When I came downstairs, the rice had absorbed all the milk and I put more in, along with a few tablespoons of sugar, tons of cinnamon and raisins, and let it simmer a bit longer while I sectioned oranges and peeled bananas to preface the pudding. At the table more, much more milk, cold this time, was mixed into the rice pudding in our bowls, and it was absolutely lovely. I should prepare it more often for our morning meal.
A mild morning, just hovering at 0C, overcast and very windy. Today is cleaning day so we spent hours cleaning the house, each to our separate tasks. When we were young and first married and had our very own flat in a house owned by a family friend, we divided the housework. We were only 18 at the time. Irving did the cleaning up in our bedroom-sitting room and I did the kitchen, a very small kitchen to be sure, but our very own (rental).
When we eventually bought a little bungalow of our own north of the city, things shifted a bit so that all the outdoor things that had to be done were his bailiwick and the indoor mine. We didn't really plan anything, it's just the way things worked out naturally, it seemed to us. We were both working and commuting daily from Richmond Hill where our house was, to downtown Toronto where our jobs were. Four years later our first child came along, then two others.

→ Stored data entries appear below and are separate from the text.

lemma upper_not_above_all:
  assumes "z \<in> level (Suc j)"
  obtains x where "x \<in> level j" "(x, z) \<notin> r"
proof -
  obtain a where a: "a \<in> {0, 1, 2}" "(a, f z) \<notin> crown6_rel"
    using crown6_upper_not_above_all f_upper assms by blast
  then have "a \<in> f ` level j"
    using bij_lower by (simp add: bij_betw_def)
  then obtain x where x: "a = f x" "x \<in> level j"
    by (rule imageE)
  then have "(x, z) \<notin> r"
    using a order_iff assms levels_Suc_eq_Un by auto
  then show ?thesis
    using that x by blast
qed

end

locale six_stack_poset = finite_poset +
  fixes n :: nat
  assumes rank_pos: "1 \<le> n"
    and ranked: "ranked_of_rank P r n"
    and crowns: "\<And>j. j < n \<Longrightarrow> poset_iso (levels P r j (j + 1)) (induced r (levels P r j (j + 1)))
                                     crown6_carrier crown6_rel"
begin

lemma crown_levels_at:
  assumes "j < n"
  obtains f where "crown_levels P r j f"
proof -
  obtain f where "bij_betw f (levels P r j (Suc j)) crown6_carrier"
    "\<forall>x\<in>levels P r j (Suc j). \<forall>y\<in>levels P r j (Suc j). (x, y) \<in> r \<longleftrightarrow> (f x, f y) \<in> crown6_rel"
    using crowns[OF assms] unfolding poset_iso_def induced_def by auto
  then have "crown_levels P r j f"
    using poset by (simp add: crown_levels_def crown_levels_axioms_def finite_poset_def)
  then show ?thesis
    using that by blast
qed

lemma rank_le: "p \<in> P \<Longrightarrow> rank P r p \<le> n"
  using ranked by (rule rank_le_of_ranked)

I became a stay-at-home mother, but when Irving arrived home after work we still shared things that had to be done, mostly relating to the children; changing diapers, bathing them, playing with them. Now we share our attention between two little poodles. Speaking of which, little Jillie was under-the-weather today, and didn't feel like having her breakfast.

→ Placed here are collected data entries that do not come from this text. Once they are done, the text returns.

lemma bij_betw_sum_tuples_Suc:
  "bij_betw (\<lambda>(j, k). k(Suc m := j)) (SIGMA j:{..N}. sum_tuples (N - j) m) (sum_tuples N (Suc m))"
proof (rule bij_betw_byWitness[where f' = "\<lambda>k. (k (Suc m), k(Suc m := 0))"])
  have sum_upd: "(\<Sum>i\<le>m. (k(Suc m := j)) i) = (\<Sum>i\<le>m. k i)" for k :: "nat \<Rightarrow> nat" and j
    by (intro sum.cong) auto
  show "\<forall>p\<in>SIGMA j:{..N}. sum_tuples (N - j) m. (\<lambda>k. (k (Suc m), k(Suc m := 0))) ((\<lambda>(j, k). k(Suc m := j)) p) = p"
    by (auto simp: sum_tuples_def fun_eq_iff)
  show "\<forall>k\<in>sum_tuples N (Suc m). (\<lambda>(j, k). k(Suc m := j)) (k (Suc m), k(Suc m := 0)) = k"
    by auto
  show "(\<lambda>(j, k). k(Suc m := j)) ` (SIGMA j:{..N}. sum_tuples (N - j) m) \<subseteq> sum_tuples N (Suc m)"
    using sum_upd by (auto simp: sum_tuples_def)
  show "(\<lambda>k. (k (Suc m), k(Suc m := 0))) ` sum_tuples N (Suc m) \<subseteq> (SIGMA j:{..N}. sum_tuples (N - j) m)"
    using sum_upd by (auto simp: sum_tuples_def)
qed

lemma multinom_fun_upd_Suc:
  assumes "j \<le> N"
  shows "multinom N (Suc m) (k(Suc m := j)) = real (N choose j) * multinom (N - j) m k"
proof -
  have "(\<Prod>i\<le>Suc m. fact ((k(Suc m := j)) i) :: real) = (\<Prod>i\<le>m. fact (k i)) * fact j"
    by (simp add: prod.atMost_Suc)
  moreover have "(\<Prod>i\<le>m. fact (k i) :: real) > 0" by (intro prod_pos) auto
  ultimately show ?thesis
    unfolding multinom_def binomial_fact[OF assms] using assms by (simp add: field_simps)
qed

theorem multinomial_theorem:
  fixes x :: "nat \<Rightarrow> real"
  shows "(\<Sum>i\<le>m. x i) ^ N = (\<Sum>k\<in>sum_tuples N m. multinom N m k * (\<Prod>i\<le>m. x i ^ k i))"
proof (induction m arbitrary: N)
  case 0
  show ?case by (simp add: sum_tuples_0 multinom_def)
next
  case (Suc m)
  have summand: "real (N choose j) * multinom (N - j) m k * ((\<Prod>i\<le>m. x i ^ k i) * x (Suc m) ^ j)
      = multinom N (Suc m) (k(Suc m := j)) * (\<Prod>i\<le>Suc m. x i ^ (k(Suc m := j)) i)" if "j \<le> N" for j k
  proof -
    have "(\<Prod>i\<le>m. x i ^ (k(Suc m := j)) i) = (\<Prod>i\<le>m. x i ^ k i)" by (intro prod.cong) auto
    then show ?thesis using that by (simp add: multinom_fun_upd_Suc)
  qed
  have "(\<Sum>i\<le>Suc m. x i) ^ N = (x (Suc m) + (\<Sum>i\<le>m. x i)) ^ N" by (simp add: add.commute)
  also have "\<dots> = (\<Sum>j\<le>N. real (N choose j) * x (Suc m) ^ j * (\<Sum>i\<le>m. x i) ^ (N - j))"
    by (rule binomial_ring)
  also have "\<dots> = (\<Sum>j\<le>N. \<Sum>k\<in>sum_tuples (N - j) m.
      real (N choose j) * multinom (N - j) m k * ((\<Prod>i\<le>m. x i ^ k i) * x (Suc m) ^ j))"
    unfolding Suc.IH by (simp add: sum_distrib_left mult_ac)
  also have "\<dots> = (\<Sum>(j, k)\<in>(SIGMA j:{..N}. sum_tuples (N - j) m).
      real (N choose j) * multinom (N - j) m k * ((\<Prod>i\<le>m. x i ^ k i) * x (Suc m) ^ j))"
    by (simp add: sum.Sigma finite_sum_tuples)
  also have "\<dots> = (\<Sum>(j, k)\<in>(SIGMA j:{..N}. sum_tuples (N - j) m).
      multinom N (Suc m) (k(Suc m := j)) * (\<Prod>i\<le>Suc m. x i ^ (k(Suc m := j)) i))"
    using summand by (intro sum.cong refl) auto
  also have "\<dots> = (\<Sum>k\<in>sum_tuples N (Suc m). multinom N (Suc m) k * (\<Prod>i\<le>Suc m. x i ^ k i))"
    by (subst sum.reindex_bij_betw[OF bij_betw_sum_tuples_Suc, symmetric]) (simp add: case_prod_beta)
  finally show ?case .
qed

lemma sum_tuples_eq_insert_comp_tuples:
  "sum_tuples N m = insert (\<lambda>i. if i = 0 then N else 0) (comp_tuples N m)"
proof (intro set_eqI iffI)
  fix k assume k: "k \<in> sum_tuples N m"
  show "k \<in> insert (\<lambda>i. if i = 0 then N else 0) (comp_tuples N m)"
  proof (cases "k 0 = N")
    case True
    have "(\<Sum>i\<le>m. k i) = k 0 + (\<Sum>i\<in>{1..m}. k i)"
      by (simp add: sum.atMost_shift atMost_atLeast0 sum.atLeast_Suc_atMost)
    then have "\<forall>i\<in>{1..m}. k i = 0" using k True by (simp add: sum_tuples_def)
    then show ?thesis using k True by (auto simp: sum_tuples_def fun_eq_iff)
  next
    case False
    then show ?thesis using k by (simp add: sum_tuples_def comp_tuples_def)
  qed
qed (auto simp: sum_tuples_def comp_tuples_def)

lemma finite_comp_tuples: "finite (comp_tuples N m)"
  using finite_sum_tuples[of N m] by (simp add: sum_tuples_eq_insert_comp_tuples)

lemma comp_tuples_zero_less: "k \<in> comp_tuples N m \<Longrightarrow> k 0 < N"
  using member_le_sum[of 0 "{..m}" k] by (force simp: comp_tuples_def)

corollary multinomial_theorem_comp_tuples:
  fixes x :: "nat \<Rightarrow> real"
  shows "(\<Sum>i\<le>m. x i) ^ N = x 0 ^ N + (\<Sum>k\<in>comp_tuples N m. multinom N m k * (\<Prod>i\<le>m. x i ^ k i))"
proof -
  have "(\<Prod>i\<le>m. x i ^ (if i = 0 then N else 0)) = (\<Prod>i\<in>{0}. x i ^ N)"
    and "(\<Prod>i\<le>m. fact (if i = 0 then N else 0) :: real) = (\<Prod>i\<in>{0::nat}. fact N)"
    by (rule prod.mono_neutral_cong_right; auto)+
  moreover have "(\<lambda>i. if i = 0 then N else 0) \<notin> comp_tuples N m"
    by (simp add: comp_tuples_def)
  ultimately show ?thesis
    unfolding multinomial_theorem sum_tuples_eq_insert_comp_tuples
    by (simp add: finite_comp_tuples multinom_def)
qed

definition tuple_degree :: "nat \<Rightarrow> (nat \<Rightarrow> nat) \<Rightarrow> nat" where
  "tuple_degree m k = (\<Sum>\<mu><m. \<mu> * k (\<mu> + 1))"

definition cdf_power_coeff :: "real \<Rightarrow> nat \<Rightarrow> nat \<Rightarrow> (nat \<Rightarrow> nat) \<Rightarrow> real" where
  "cdf_power_coeff l N m k =
     multinom N m k * (-1) ^ (N - k 0) * (\<Prod>\<mu><m. (1 / fact \<mu>) ^ k (\<mu> + 1)) * l ^ tuple_degree m k"

lemma one_minus_erlang_CDF_power:
  fixes l y :: real
  assumes "m > 0" "0 \<le> y"
  shows "1 - erlang_CDF (m - 1) l y ^ N
    = - (\<Sum>k\<in>comp_tuples N m. cdf_power_coeff l N m k * (y ^ tuple_degree m k * exp (- (real (N - k 0) * l) * y)))"
proof -
  define x where "x = (\<lambda>i. if i = 0 then 1 else - ((l * y) ^ (i - 1) * exp (- l * y) / fact (i - 1)))"
  have atMost_shift: "(\<Sum>i\<le>m. f i) = f 0 + (\<Sum>\<mu><m. f (\<mu> + 1))" for f :: "nat \<Rightarrow> 'b::comm_monoid_add"
    using assms by (cases m) (simp_all del: sum.atMost_Suc add: sum.atMost_Suc_shift lessThan_Suc_atMost)
  have prod_shift: "(\<Prod>i\<le>m. f i) = f 0 * (\<Prod>\<mu><m. f (\<mu> + 1))" for f :: "nat \<Rightarrow> real"
    using assms by (cases m) (simp_all del: prod.atMost_Suc add: prod.atMost_Suc_shift lessThan_Suc_atMost)
  have summand: "multinom N m k * (\<Prod>i\<le>m. x i ^ k i)
      = cdf_power_coeff l N m k * (y ^ tuple_degree m k * exp (- (real (N - k 0) * l) * y))"
    if "k \<in> comp_tuples N m" for k
  proof -
    have tail_count: "(\<Sum>\<mu><m. k (\<mu> + 1)) = N - k 0"
      using that atMost_shift[of k] by (auto simp: comp_tuples_def)
    have "x (\<mu> + 1) ^ c = (-1) ^ c * (1 / fact \<mu>) ^ c * l ^ (\<mu> * c) * (y ^ (\<mu> * c) * exp (- l * y) ^ c)" for \<mu> c
      by (simp add: x_def power_minus' power_mult_distrib power_mult divide_inverse power_inverse mult_ac)
    then have "(\<Prod>i\<le>m. x i ^ k i) = (-1) ^ (\<Sum>\<mu><m. k (\<mu> + 1)) * (\<Prod>\<mu><m. (1 / fact \<mu>) ^ k (\<mu> + 1))
        * l ^ tuple_degree m k * (y ^ tuple_degree m k * exp (- l * y) ^ (\<Sum>\<mu><m. k (\<mu> + 1)))"
      by (simp add: prod_shift x_def prod.distrib power_sum tuple_degree_def)
    also have "exp (- l * y) ^ (\<Sum>\<mu><m. k (\<mu> + 1)) = exp (- (real (N - k 0) * l) * y)"
      unfolding tail_count exp_of_nat_mult[symmetric] by (simp add: algebra_simps)
    finally show ?thesis unfolding cdf_power_coeff_def tail_count by (simp add: mult_ac)
  qed
  have "{..m - 1} = {..<m}" using assms(1) by auto
  then have "(\<Sum>i\<le>m. x i) = erlang_CDF (m - 1) l y"
    using assms(2) by (simp add: atMost_shift x_def sum_negf erlang_CDF_def)
  then show ?thesis
    using multinomial_theorem_comp_tuples[of x m N] summand by (simp add: x_def)
qed

lemma product_of_one_minus_erlang_CDF_powers:
  fixes l1 l2 y :: real
  assumes "m1 > 0" "m2 > 0" "0 \<le> y"
  shows "(1 - erlang_CDF (m1 - 1) l1 y ^ N1) * (1 - erlang_CDF (m2 - 1) l2 y ^ N2)
    = (\<Sum>(k, q)\<in>comp_tuples N1 m1 \<times> comp_tuples N2 m2.
         cdf_power_coeff l1 N1 m1 k * cdf_power_coeff l2 N2 m2 q
         * (y ^ (tuple_degree m1 k + tuple_degree m2 q) * exp (- (real (N1 - k 0) * l1 + real (N2 - q 0) * l2) * y)))"
  unfolding one_minus_erlang_CDF_power[OF assms(1,3)] one_minus_erlang_CDF_power[OF assms(2,3)]
  by (simp add: sum_product sum.cartesian_product power_add mult_exp_exp algebra_simps)

lemma cdf_power_coeff_mult:
  assumes "k \<in> comp_tuples N1 m1" "q \<in> comp_tuples N2 m2"
  shows "cdf_power_coeff l1 N1 m1 k * cdf_power_coeff l2 N2 m2 q
    = multinom N1 m1 k * multinom N2 m2 q * (-1) ^ (N1 + N2 - k 0 - q 0)
      * (\<Prod>\<mu><m1. (1 / fact \<mu>) ^ k (\<mu> + 1)) * l1 ^ tuple_degree m1 k
      * (\<Prod>\<mu><m2. (1 / fact \<mu>) ^ q (\<mu> + 1)) * l2 ^ tuple_degree m2 q"
proof -
  have "N1 + N2 - k 0 - q 0 = (N1 - k 0) + (N2 - q 0)"
    using comp_tuples_zero_less[OF assms(1)] comp_tuples_zero_less[OF assms(2)] by simp
  then show ?thesis by (simp add: cdf_power_coeff_def power_add mult_ac)
qed

lemma (in prob_space) prob_exceeds_in_both:
  fixes X :: "'i \<Rightarrow> 'a \<Rightarrow> real"
  assumes indep: "indep_vars (\<lambda>_. borel) X I"
    and "A \<subseteq> I" "B \<subseteq> I" "A \<inter> B = {}" "finite A" "finite B" "A \<noteq> {}" "B \<noteq> {}"
  shows "prob {\<omega>\<in>space M. (\<exists>i\<in>A. c i < X i \<omega>) \<and> (\<exists>j\<in>B. c j < X j \<omega>)}
    = (1 - (\<Prod>i\<in>A. prob {\<omega>\<in>space M. X i \<omega> \<le> c i})) * (1 - (\<Prod>j\<in>B. prob {\<omega>\<in>space M. X j \<omega> \<le> c j}))"
proof -
  define below where "below J = (\<Inter>i\<in>J. {\<omega>\<in>space M. X i \<omega> \<le> c i})" for J
  have rv_measurable: "X i \<in> borel_measurable M" if "i \<in> I" for i
    using indep that by (auto simp: indep_vars_def2)
  have prob_below: "prob (below J) = (\<Prod>i\<in>J. prob {\<omega>\<in>space M. X i \<omega> \<le> c i})"
    if "J \<subseteq> I" "J \<noteq> {}" "finite J" for J
  proof -
    have preimage: "{\<omega>\<in>space M. X i \<omega> \<le> c i} = X i -` {..c i} \<inter> space M" for i by auto
    from indep have "indep_sets (\<lambda>i. {X i -` A \<inter> space M | A. A \<in> sets borel}) I"
      by (simp add: indep_vars_def2)
    then show ?thesis
      unfolding below_def preimage by (rule indep_setsD[OF _ that]) (auto intro!: exI[where x = "{..c i}" for i])
  qed
  have below_event: "below J \<in> events" if "J \<subseteq> I" "J \<noteq> {}" "finite J" for J
    unfolding below_def using that rv_measurable by (intro sets.finite_INT) auto
  have "{\<omega>\<in>space M. (\<exists>i\<in>A. c i < X i \<omega>) \<and> (\<exists>j\<in>B. c j < X j \<omega>)} = space M - (below A \<union> below B)"
    by (auto simp: below_def not_le dest: leD)
  moreover have "below A \<inter> below B = below (A \<union> B)"
    by (auto simp: below_def)
  moreover have "prob (below (A \<union> B)) = prob (below A) * prob (below B)"
    using assms by (simp add: prob_below prod.union_disjoint)
  ultimately show ?thesis
    using assms below_event[of A] below_event[of B]
    by (simp add: prob_compl measure_Un3 fmeasurable_eq_sets prob_below algebra_simps)
qed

Whenever we took her out to the backyard she would wend her way over piles of snow over to an Alberta spruce, and pull the needles off. Some dogs look for grass when they have upset stomachs, Jillie always preferred the small needles of an Alberta spruce and it seems to work for her. In mid-afternoon we set off for the ravine, and she was anxious enough to go.
By then the sun was full out and the temperature had dropped to -5C, the wind whipping tree masts about. Last night's rain had left puddles of melted snow close to the street catch-basins which left us wondering why at this temperature they hadn't frozen, as we skirted them. The snow that had been loose and lofty yesterday was now covered with a thin crust of ice. No complaints, it made progress on the trails in the forest more efficient.
Before we'd left the house there were a few episodes of snow flurrying in the wind. Oddly enough that snow was coming down even though the sun was blazing its way across the sky. An odd intersection of sun and snow that we occasionally see in the summer too, when sun and rain appear together in the choreographed surprise of an unexpected weather treatment.
Because of the rain having melted some of the snowpack, the creek was fully open and burbling its businesslike way downstream, swollen from the melting snowpack. All was still, otherwise. No one else out on the trails but ourselves; the entire ravine at our appreciative disposal. Jackie and Jillie feel that to be the natural order of things.
When we arrived back home Jillie felt quite recovered and was anxious to have her afternoon treat. Today that consisted of cut-up green beans, red bell pepper, halved grape tomatoes and strawberries; colourful and absolutely to their liking. It was all gone in a snap. And to celebrate that all's well, brother and sister chased one another around the house until it was nap-time.